Associated regulation: some documents can be classified according to the regulation to which the information they contain is related. EU-GDPR with personal data, PCI for payment and credit card data, etc.
Data types: a document can contain personal data, financial data, health data… These types of data are often directly related to regulations. Such as personal data with EU-GDPR.
Reach of dissemination: establishes the extent to which a specific critical document can be distributed: internal dissemination, suppliers, etc.
Restricting classification to a diagram based exclusively on the sensitivity of the information is not always the most appropriate approach. When using rudimentary classification tools, users may wonder what sensitivity level should be assigned to the document. Some organisations have well-defined and rule-marked classification diagrams based on the sensitivity or criticality of the information (e. g., NATO classification diagram), but this is not usual in most companies and organisations.
In regulated sectors such as finance, it can be more beneficial to label data as subject to PCI regulation, instead of using labels based on criticality or dissemination scope, since it is much easier for corporate users to identify. The previously mentioned AI and Machine Learning can be flexible when adapting the classification based on all those dimensions, without being limited to only one classification based on the sensitivity level. Furthermore, it can make suggestions to the user taking into account all dimensions.
Benefits of AI and Machine Learning applied to Data Classification
Thanks to this technology, organisations can get to understand better their data footprint with greater accuracy. They can fully trust the classification and know their current position regarding the risk of the data they manage. This is a very important point, since having knowledge of the risk of all their data allows a proactive management and security.
Another key point is to make the classification process easier for users so that there are no errors that could lead to serious consequences. This way, users will not need training to classify documents, anyone can do it correctly. Technologies must be easy to implement and use, but they also have to be effective so that their adoption does not incur high costs or wastes of time without fully reliable results, something which is intended to avoid with this innovative technology based on AI and ML.
SealPath Data Classification powered by Getvisibility boosted by AI and Machine Learning
SealPath is a leading provider of security focused on data and digital rights management, that applies the latest Artificial Intelligence and Machine Learning technology in its “SealPath Data Classification powered by Getvisibility” solution.
SealPath Data Classification provides an advanced solution for visibility, protection, control and dynamic understanding of data as they are created.

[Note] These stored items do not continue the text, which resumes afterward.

(* Let $R:[0,\infty)^2\to\mathbb{R}$ be any one of the following functions (with the stated parameter ranges), and let $\{G_t,t\ge 0\}$ be a one-dimensional centered Gaussian process with covariance $\mathbb{E}(G_sG_t)=R(s,t)$: \begin{enumerate} \item $R(t,s)=\frac{\Gamma(1-K)}{K(2-K)}\left[t^{2HK}+s^{2HK}-(t^{2H}+s^{2H})^{K}\right]$ if $K\in(0,1)$, and $R(t,s)=\frac{\Gamma(2-K)}{K(K-1)}\left[(t^{2H}+s^{2H})^{K}-t^{2HK}-s^{2HK}\right]$ if $K\in(1,2)$, where $H\in(0,1)$ and $HK\in(0,1)$; \item $R(s,t)=\frac12\left(s^{2H}+t^{2H}-|t-s|^{2H}\right)$, $H\in(0,1)$; \item $R(s,t)=(t+s)^{2H}-|t-s|^{2H}$, $H\in(0,1)$; \item $R(t,s)=s^{2H}+t^{2H}-\frac12\left((s+t)^{2H}+|t-s|^{2H}\right)$, $H\in(0,1)$; \item $R(s,t)=(s+t)^{2H}-(\max(s,t))^{2H}$, $H\in(0,\frac12)$; \item $R(s,t)=(\max(s,t))^{2H}-|t-s|^{2H}$, $H\in(0,\frac12)$; \item $R(t,s)=\frac12\left[t^{2H}+s^{2H}-K(t+s)^{2H}-(1-K)|t-s|^{2H}\right]$, $H\in(0,\frac12)$, $K\in(0,1)$; \item $R(t,s)=\frac{1}{2^K}\left((s^{2H}+t^{2H})^K-|t-s|^{2HK}\right)$, where either $H\in(0,1)$, $K\in(0,1)$, $HK\in(0,1)$, or $H\in(0,1)$, $K\in(1,2)$, $HK\in(0,1)$; \item $R(t,s)=(s^{2H}+t^{2H})^{K}-\frac12\left[(t+s)^{2HK}+|t-s|^{2HK}\right]$, where either $H\in(0,1)$, $K\in(1,2)$, $HK\in(0,1)$, or $H\in(0,\frac12)$, $K\in(0,1)$. \end{enumerate} Then $G$ satisfies both of the following: (i) there exist constants $c>0$ and $\beta<2$ such that $\mathbb{E}(G_t^2)\le c\,t^{\beta}$ for all $t\ge 0$; (ii) for every $n\ge1$ and all times $0<t_1<t_2<\cdots<t_n$, the covariance matrix $\mathbf{V}=(R(t_i,t_j))_{i,j=1}^n$ is strictly positive definite.
   Context: $\Gamma$ denotes the Euler Gamma function. A symmetric matrix $\mathbf V$ is strictly positive definite if $\mathbf a'\mathbf V\mathbf a>0$ for every nonzero $\mathbf a\in\mathbb{R}^n$. *)

theory Defs
  imports "HOL-Probability.Probability"
begin

definition gaussian_rv :: "'a measure \<Rightarrow> ('a \<Rightarrow> real) \<Rightarrow> bool" where
  "gaussian_rv M X \<longleftrightarrow> X \<in> borel_measurable M \<and>
     ((\<exists>\<mu> \<sigma>. \<sigma> > 0 \<and> distributed M lborel X (normal_density \<mu> \<sigma>)) \<or>
      (\<exists>c. AE \<omega> in M. X \<omega> = c))"

definition gaussian_process :: "'a measure \<Rightarrow> (real \<Rightarrow> 'a \<Rightarrow> real) \<Rightarrow> bool" where
  "gaussian_process M G \<longleftrightarrow>
     (\<forall>t. t \<ge> 0 \<longrightarrow> G t \<in> borel_measurable M) \<and>
     (\<forall>(n::nat) (ts::nat \<Rightarrow> real) (a::nat \<Rightarrow> real). (\<forall>i<n. ts i \<ge> 0) \<longrightarrow>
        gaussian_rv M (\<lambda>\<omega>. \<Sum>i<n. a i * G (ts i) \<omega>))"

definition cov1 :: "real \<Rightarrow> real \<Rightarrow> real \<Rightarrow> real \<Rightarrow> real" where
  "cov1 H K t s =
     (if K < 1 then Gamma (1 - K) / (K * (2 - K)) *
        (t powr (2*H*K) + s powr (2*H*K) - (t powr (2*H) + s powr (2*H)) powr K)
      else Gamma (2 - K) / (K * (K - 1)) *
        ((t powr (2*H) + s powr (2*H)) powr K - t powr (2*H*K) - s powr (2*H*K)))"

definition cov2 :: "real \<Rightarrow> real \<Rightarrow> real \<Rightarrow> real" where
  "cov2 H s t = (s powr (2*H) + t powr (2*H) - \<bar>t - s\<bar> powr (2*H)) / 2"

definition cov3 :: "real \<Rightarrow> real \<Rightarrow> real \<Rightarrow> real" where
  "cov3 H s t = (t + s) powr (2*H) - \<bar>t - s\<bar> powr (2*H)"

definition cov4 :: "real \<Rightarrow> real \<Rightarrow> real \<Rightarrow> real" where
  "cov4 H t s = s powr (2*H) + t powr (2*H) - ((s + t) powr (2*H) + \<bar>t - s\<bar> powr (2*H)) / 2"

definition cov5 :: "real \<Rightarrow> real \<Rightarrow> real \<Rightarrow> real" where
  "cov5 H s t = (s + t) powr (2*H) - (max s t) powr (2*H)"

definition cov6 :: "real \<Rightarrow> real \<Rightarrow> real \<Rightarrow> real" where
  "cov6 H s t = (max s t) powr (2*H) - \<bar>t - s\<bar> powr (2*H)"

definition cov7 :: "real \<Rightarrow> real \<Rightarrow> real \<Rightarrow> real \<Rightarrow> real" where
  "cov7 H K t s = (t powr (2*H) + s powr (2*H) - K * (t + s) powr (2*H)
                    - (1 - K) * \<bar>t - s\<bar> powr (2*H)) / 2"

definition cov8 :: "real \<Rightarrow> real \<Rightarrow> real \<Rightarrow> real \<Rightarrow> real" where
  "cov8 H K t s = ((s powr (2*H) + t powr (2*H)) powr K - \<bar>t - s\<bar> powr (2*H*K)) / 2 powr K"

definition cov9 :: "real \<Rightarrow> real \<Rightarrow> real \<Rightarrow> real \<Rightarrow> real" where
  "cov9 H K t s = (s powr (2*H) + t powr (2*H)) powr K
                   - ((t + s) powr (2*H*K) + \<bar>t - s\<bar> powr (2*H*K)) / 2"

end

theory Submission
  imports Defs "HOL-Real_Asymp.Real_Asymp"
begin

text \<open>
  Every kernel is self-similar on the diagonal, \<open>R(t,t) = R(1,1) t\<^sup>\<beta>\<close> with \<open>\<beta> < 2\<close>,
  which gives (i). For (ii), \<open>a'Va\<close> is the variance of \<open>\<Sum> a\<^sub>i G(t\<^sub>i)\<close>; if it vanishes,
  that combination is zero almost surely, so \<open>\<Sum> a\<^sub>j R(s,t\<^sub>j) = 0\<close> for all \<open>s \<ge> 0\<close>.
  Hence it suffices that the sections \<open>R(\<cdot>,t)\<close>, \<open>t > 0\<close>, are linearly independent; only
  the covariance of \<open>G\<close> is used, not its Gaussianity or centering.
  For kernels 2--9, \<open>R(\<cdot>,u)\<close> has second differences \<open>O(h\<^sup>2)\<close> at every \<open>t \<noteq> u\<close>,
  while \<open>R(\<cdot>,t)\<close> is singular at \<open>t\<close> (a term \<open>|s - t|\<^sup>\<gamma>\<close> with \<open>\<gamma> < 2\<close>, or the kink of
  \<open>max(s,t)\<^sup>\<gamma>\<close>), so no section can be a combination of the others.
  For kernel 1, the substitution \<open>x = s\<^sup>2\<^sup>H\<close> turns the sections into shifted powers
  \<open>(x + t\<^sup>2\<^sup>H)\<^sup>K\<close> with \<open>K\<close> not an integer; repeated differentiation reduces their
  independence to a Vandermonde system.
\<close>

lemma not_in_Nats_between:
  fixes x :: "'a :: linordered_semidom"
  assumes "of_nat m < x" "x < of_nat (Suc m)"
  shows "x \<notin> \<nat>"
  using assms by (auto elim!: Nats_cases simp del: of_nat_Suc)

lemma strict_mono_on_lessThanI:
  fixes f :: "nat \<Rightarrow> 'a :: order"
  assumes "\<And>i. Suc i < n \<Longrightarrow> f i < f (Suc i)"
  shows "strict_mono_on {..<n} f"
proof (rule strict_mono_onI)
  fix i j :: nat
  assume "i \<in> {..<n}" "j \<in> {..<n}" "i < j"
  then show "f i < f j"
  proof (induction j)
    case 0
    then show ?case by simp
  next
    case (Suc j)
    then show ?case
      using assms[of j] by (cases "i = j") (auto intro: order.strict_trans)
  qed
qed

section \<open>Second differences\<close>

definition second_diff_bigo :: "(real \<Rightarrow> real) \<Rightarrow> real \<Rightarrow> bool" where
  "second_diff_bigo f t \<longleftrightarrow> (\<lambda>h. f (t + h) + f (t - h) - 2 * f t) \<in> O[at_right 0](\<lambda>h. h\<^sup>2)"

lemma second_diff_bigo_const: "second_diff_bigo (\<lambda>s. c) t"
  by (simp add: second_diff_bigo_def)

This innovative AI-enhanced data classification and automatic protection of tagged information tool provides the technology that corporate customers need to classify data in a secure and precise way throughout its life cycle. This way, organisations of any sector get the capacity to avoid data leaks and gain compliance of the most severe data protection regulations.
With SealPath Data Classification, the user receives suggestions about the classification level when creating and editing a document. The software learns and adapts to different types of documents by continuously improving its accuracy through AI, and allows organisations to classify unstructured information with unprecedent confidence.
SealPath’s information protection tool is perfectly integrated with the intelligent data classification system, so that files classified with a certain classification level or held to a specific regulation can also be protected automatically and without user intervention with SealPath’s digital rights management solution.
SealPath’s protection, together with the classification system boosted by AI and Machine Learning, accelerates an organisation’s efforts to avoid data classification errors in a quick and worthwhile way.